Fraudsters exploit COVID-19 concerns

Written on Nov 30, 2020

Tax industry experts say there is a heightened need for security as fraudsters are using COVID-19 as an avenue to scam taxpayers and tax preparers. New protections being offered by Security Summit partners in January can help protect people against tax-related identity theft.

The IRS said taxpayers must remain vigilant because of the constantly evolving threats and scams. There are thousands of variations of COVID-related scams, including many related to the economic stimulus payment by the IRS.

The IRS and Security Summit partners are sharing YouTube videos on security steps for taxpayers. The videos can be viewed or downloaded at Easy Steps to Protect Your Computer and Phone and Avoid Phishing Emails.

Employers also can share Publication 4524, Security Awareness for Taxpayers, with their employees and customers while tax professionals can share with clients.

The National Tax Security Awareness Week features basic security guidance for those most at-risk: individual taxpayers, business taxpayers and tax professionals.

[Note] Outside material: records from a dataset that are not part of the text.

fun table_5 :: "letter \<Rightarrow> letter \<Rightarrow> int \<Rightarrow> int \<times> (int \<times> int) list" where
  "table_5 L L s =
    (if s = -3 then (2, [(-5, -5)]) else
     if s = -2 then (-2, [(-5, -3), (-5, -2), (-5, -1), (-5, 0), (-5, 1)]) else
     if s = -1 then (-2, [(-5, 3), (-5, 4), (-5, 5), (-5, 5), (-5, 5)]) else
     if s = 0 then (-2, [(-5, 5), (-5, 5), (-5, 5), (-5, 5), (-5, 5)]) else
     if s = 1 then (-2, [(-5, 5), (-5, 5), (-5, 5), (-4, 5), (-3, 5)]) else
     if s = 2 then (-2, [(-1, 5), (0, 5), (1, 5), (2, 5), (3, 5)]) else
     if s = 3 then (-2, [(5, 5)]) else
     (0, []))"
| "table_5 L S s =
    (if s = -3 then (1, [(-5, -5), (-5, -4)]) else
     if s = -2 then (-2, [(-5, -2), (-5, -1), (-5, 0), (-5, 1), (-5, 2)]) else
     if s = -1 then (-2, [(-5, 4), (-5, 5), (-5, 5), (-5, 5), (-5, 5)]) else
     if s = 0 then (-2, [(-5, 5), (-5, 5), (-5, 5), (-5, 5), (-4, 5)]) else
     if s = 1 then (-2, [(-2, 5), (-1, 5), (0, 5), (1, 5), (2, 5)]) else
     if s = 2 then (-2, [(4, 5), (5, 5)]) else
     (0, []))"
| "table_5 L M s =
    (if s = -2 then (0, [(-5, -5), (-5, -4)]) else
     if s = -1 then (-2, [(-5, -1), (-5, 0), (-5, 1), (-5, 2)]) else
     if s = 0 then (-2, [(-5, 5), (-5, 5), (-5, 5), (-5, 5)]) else
     if s = 1 then (-2, [(-5, 5), (-5, 5), (-5, 5), (-4, 5)]) else
     if s = 2 then (-2, [(-1, 5), (0, 5), (1, 5), (2, 5)]) else
     if s = 3 then (-2, [(5, 5)]) else
     (0, []))"
| "table_5 S L s =
    (if s = -2 then (1, [(-5, -5), (-5, -4)]) else
     if s = -1 then (-2, [(-5, -2), (-5, -1), (-5, 0), (-5, 1), (-5, 2)]) else
     if s = 0 then (-2, [(-5, 4), (-5, 5), (-5, 5), (-5, 5), (-5, 5)]) else
     if s = 1 then (-2, [(-5, 5), (-5, 5), (-5, 5), (-5, 5), (-4, 5)]) else
     if s = 2 then (-2, [(-2, 5), (-1, 5), (0, 5), (1, 5), (2, 5)]) else
     if s = 3 then (-2, [(4, 5), (5, 5)]) else
     (0, []))"
| "table_5 S S s =
    (if s = -2 then (0, [(-5, -5), (-5, -4), (-5, -3)]) else
     if s = -1 then (-2, [(-5, -1), (-5, 0), (-5, 1), (-5, 2), (-5, 3)]) else
     if s = 0 then (-2, [(-5, 5), (-5, 5), (-5, 5), (-5, 5), (-5, 5)]) else
     if s = 1 then (-2, [(-3, 5), (-2, 5), (-1, 5), (0, 5), (1, 5)]) else
     if s = 2 then (-2, [(3, 5), (4, 5), (5, 5)]) else
     (0, []))"
| "table_5 S M s =
    (if s = -1 then (-1, [(-5, -5), (-5, -4), (-5, -3)]) else
     if s = 0 then (-2, [(-5, 0), (-5, 1), (-5, 2), (-5, 3)]) else
     if s = 1 then (-2, [(-5, 5), (-5, 5), (-5, 5), (-5, 5)]) else
     if s = 2 then (-2, [(-2, 5), (-1, 5), (0, 5), (1, 5)]) else
     if s = 3 then (-2, [(4, 5), (5, 5)]) else
     (0, []))"
| "table_5 M L s =
    (if s = -3 then (2, [(-5, -5)]) else
     if s = -2 then (-1, [(-5, -2), (-5, -1), (-5, 0), (-5, 1)]) else
     if s = -1 then (-1, [(-5, 4), (-5, 5), (-5, 5), (-5, 5)]) else
     if s = 0 then (-1, [(-5, 5), (-5, 5), (-5, 5), (-5, 5)]) else
     if s = 1 then (-1, [(-2, 5), (-1, 5), (0, 5), (1, 5)]) else
     if s = 2 then (-1, [(4, 5), (5, 5)]) else
     (0, []))"
| "table_5 M S s =
    (if s = -3 then (1, [(-5, -5), (-5, -4)]) else
     if s = -2 then (-1, [(-5, -1), (-5, 0), (-5, 1), (-5, 2)]) else
     if s = -1 then (-1, [(-5, 5), (-5, 5), (-5, 5), (-5, 5)]) else
     if s = 0 then (-1, [(-3, 5), (-2, 5), (-1, 5), (0, 5)]) else
     if s = 1 then (-1, [(3, 5), (4, 5), (5, 5)]) else
     (0, []))"
| "table_5 M M s =
    (if s = -2 then (0, [(-5, -5), (-5, -4)]) else
     if s = -1 then (-2, [(-5, -5), (-5, 0), (-5, 1), (-5, 2)]) else
     if s = 0 then (-1, [(-5, 5), (-5, 5), (-5, 5)]) else
     if s = 1 then (-1, [(-2, 5), (-1, 5), (0, 5), (5, 5)]) else
     if s = 2 then (-1, [(4, 5), (5, 5)]) else
     (0, []))"

fun table_6 :: "letter \<Rightarrow> letter \<Rightarrow> int \<Rightarrow> int \<times> (int \<times> int) list" where
  "table_6 L L s =
    (if s = -2 then (-2, [(-5, -3), (-5, -2), (-5, -1), (-5, 0), (-5, 1)]) else
     if s = -1 then (-2, [(-5, 4), (-5, 5), (-5, 5), (-5, 5), (-5, 5)]) else
     if s = 0 then (-2, [(-5, 5), (-5, 5), (-5, 5), (-5, 5), (-5, 5)]) else
     if s = 1 then (-2, [(-5, 5), (-5, 5), (-5, 5), (-5, 5), (-4, 5)]) else
     if s = 2 then (-2, [(-1, 5), (0, 5), (1, 5), (2, 5), (3, 5)]) else
     (0, []))"
| "table_6 L S s =
    (if s = -3 then (2, [(-5, -5)]) else
     if s = -2 then (-2, [(-5, -2), (-5, -1), (-5, 0), (-5, 1), (-5, 2)]) else
     if s = -1 then (-2, [(-5, 5), (-5, 5), (-5, 5), (-5, 5), (-5, 5)]) else
     if s = 0 then (-2, [(-5, 5), (-5, 5), (-5, 5), (-5, 5), (-5, 5)]) else
     if s = 1 then (-2, [(-2, 5), (-1, 5), (0, 5), (1, 5), (2, 5)]) else
     if s = 2 then (-2, [(5, 5)]) else
     (0, []))"
| "table_6 L M s =
    (if s = -2 then (1, [(-5, -5)]) else
     if s = -1 then (-2, [(-5, -1), (-5, 0), (-5, 1), (-5, 2)]) else
     if s = 0 then (-2, [(-5, 5), (-5, 5), (-5, 5), (-5, 5)]) else
     if s = 1 then (-2, [(-5, 5), (-5, 5), (-5, 5), (-5, 5)]) else
     if s = 2 then (-2, [(-1, 5), (0, 5), (1, 5), (2, 5)]) else
     (0, []))"
| "table_6 S L s =
    (if s = -2 then (2, [(-5, -5)]) else
     if s = -1 then (-2, [(-5, -2), (-5, -1), (-5, 0), (-5, 1), (-5, 2)]) else
     if s = 0 then (-2, [(-5, 5), (-5, 5), (-5, 5), (-5, 5), (-5, 5)]) else
     if s = 1 then (-2, [(-5, 5), (-5, 5), (-5, 5), (-5, 5), (-5, 5)]) else
     if s = 2 then (-2, [(-2, 5), (-1, 5), (0, 5), (1, 5), (2, 5)]) else
     if s = 3 then (-2, [(5, 5)]) else
     (0, []))"
| "table_6 S S s =
    (if s = -2 then (1, [(-5, -5), (-5, -4)]) else
     if s = -1 then (-2, [(-5, -1), (-5, 0), (-5, 1), (-5, 2), (-5, 3)]) else
     if s = 0 then (-2, [(-5, 5), (-5, 5), (-5, 5), (-5, 5), (-5, 5)]) else
     if s = 1 then (-2, [(-3, 5), (-2, 5), (-1, 5), (0, 5), (1, 5)]) else
     if s = 2 then (-2, [(4, 5), (5, 5)]) else
     (0, []))"
| "table_6 S M s =
    (if s = -1 then (0, [(-5, -5), (-5, -4)]) else
     if s = 0 then (-2, [(-5, 0), (-5, 1), (-5, 2), (-5, 3)]) else
     if s = 1 then (-2, [(-5, 5), (-5, 5), (-5, 5), (-5, 5)]) else
     if s = 2 then (-2, [(-2, 5), (-1, 5), (0, 5), (1, 5)]) else
     if s = 3 then (-2, [(5, 5)]) else
     (0, []))"
| "table_6 M L s =
    (if s = -2 then (-1, [(-5, -2), (-5, -1), (-5, 0), (-5, 1)]) else
     if s = -1 then (-1, [(-5, 5), (-5, 5), (-5, 5), (-5, 5)]) else
     if s = 0 then (-1, [(-5, 5), (-5, 5), (-5, 5), (-5, 5)]) else
     if s = 1 then (-1, [(-2, 5), (-1, 5), (0, 5), (1, 5)]) else
     if s = 2 then (-1, [(5, 5)]) else
     (0, []))"
| "table_6 M S s =
    (if s = -3 then (2, [(-5, -5)]) else
     if s = -2 then (-1, [(-5, -1), (-5, 0), (-5, 1), (-5, 2)]) else
     if s = -1 then (-1, [(-5, 5), (-5, 5), (-5, 5), (-5, 5)]) else
     if s = 0 then (-1, [(-3, 5), (-2, 5), (-1, 5), (0, 5)]) else
     if s = 1 then (-1, [(4, 5), (5, 5)]) else
     (0, []))"
| "table_6 M M s =
    (if s = -2 then (1, [(-5, -5)]) else
     if s = -1 then (-1, [(-5, 0), (-5, 1), (-5, 2)]) else
     if s = 0 then (-1, [(-5, 5), (-5, 5), (-5, 5)]) else
     if s = 1 then (-1, [(-2, 5), (-1, 5), (0, 5)]) else
     if s = 2 then (-1, [(5, 5)]) else
     (0, []))"
(* The functor $G:\mathbf{cMet}_1\to\mathrm{ER}(\mathbf U)$, $G(X,d)=(X,d)$, $G(f)=[(x,y)\mapsto d(f(x),y)]$, is an equivalence of categories.
   Context: $\mathbf{cMet}_1$: complete metric spaces with all distances $\le 1$ and uniformly continuous maps. For functions $\alpha,\beta:Z\to[0,1]$ write $\alpha\sqsubseteq\beta$ if for every $\varepsilon>0$ there exists $\delta>0$ such that for all $z\in Z$, $\alpha(z)\le\delta$ implies $\beta(z)\le\varepsilon$. The category $\mathrm{ER}(\mathbf U)$: objects are pairs $(X,R)$ with $X$ a set and $R:X\times X\to[0,1]$ such that $R(x,x)=0$ for all $x$, $R(x,y)\sqsubseteq R(y,x)$ as functions of $(x,y)$, and $\max(R(x,y),R(y,z))\sqsubseteq R(x,z)$ as functions of $(x,y,z)$. A functional relation $(X,R)\to(Y,S)$ is a function $F:X\times Y\to[0,1]$ with $\max(F(x,y),R(x,x'),S(y,y'))\sqsubseteq F(x',y')$ as functions of $(x,x',y,y')$, $\max(F(x,y),F(x,y'))\sqsubseteq S(y,y')$ as functions of $(x,y,y')$, and $\inf_{y\in Y}F(x,y)=0$ for all $x$. Morphisms are equivalence classes $[F]$ of functional relations, with $F\sim F'$ iff $F\sqsubseteq F'$ as functions on $X\times Y$; identity $[R]$; composite of $[F]$ and $[H]$ is $[(x,z)\mapsto\inf_y\max(F(x,y),H(y,z))]$. *)

theory Defs
  imports "HOL-Analysis.Analysis"
begin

Highlights include:

Protect personal and financial information online

  • Use security software for computers and mobile phones – and keep it updated.
  • Avoid phishing scams, especially related to COVID-19 or Economic Impact Payments.
  • Use strong and unique passwords for all accounts.
  • Use multi-factor authentication whenever possible.
  • Shop only secure websites; Look for the "https" in web addresses and the padlock icon; avoid shopping on unsecured and public Wi-Fi in places like shopping malls.

Use multi-factor authentication

  • All tax software providers are offering multi-factor authentication options on products for both taxpayers and tax professionals.
  • Multi-factor authentication protects online accounts by requiring a second verification code in addition to your credentials (username and password). This second feature may be a code sent to your mobile phone, for example.
  • Multi-factor authentication provides a critical layer of protection for your online accounts.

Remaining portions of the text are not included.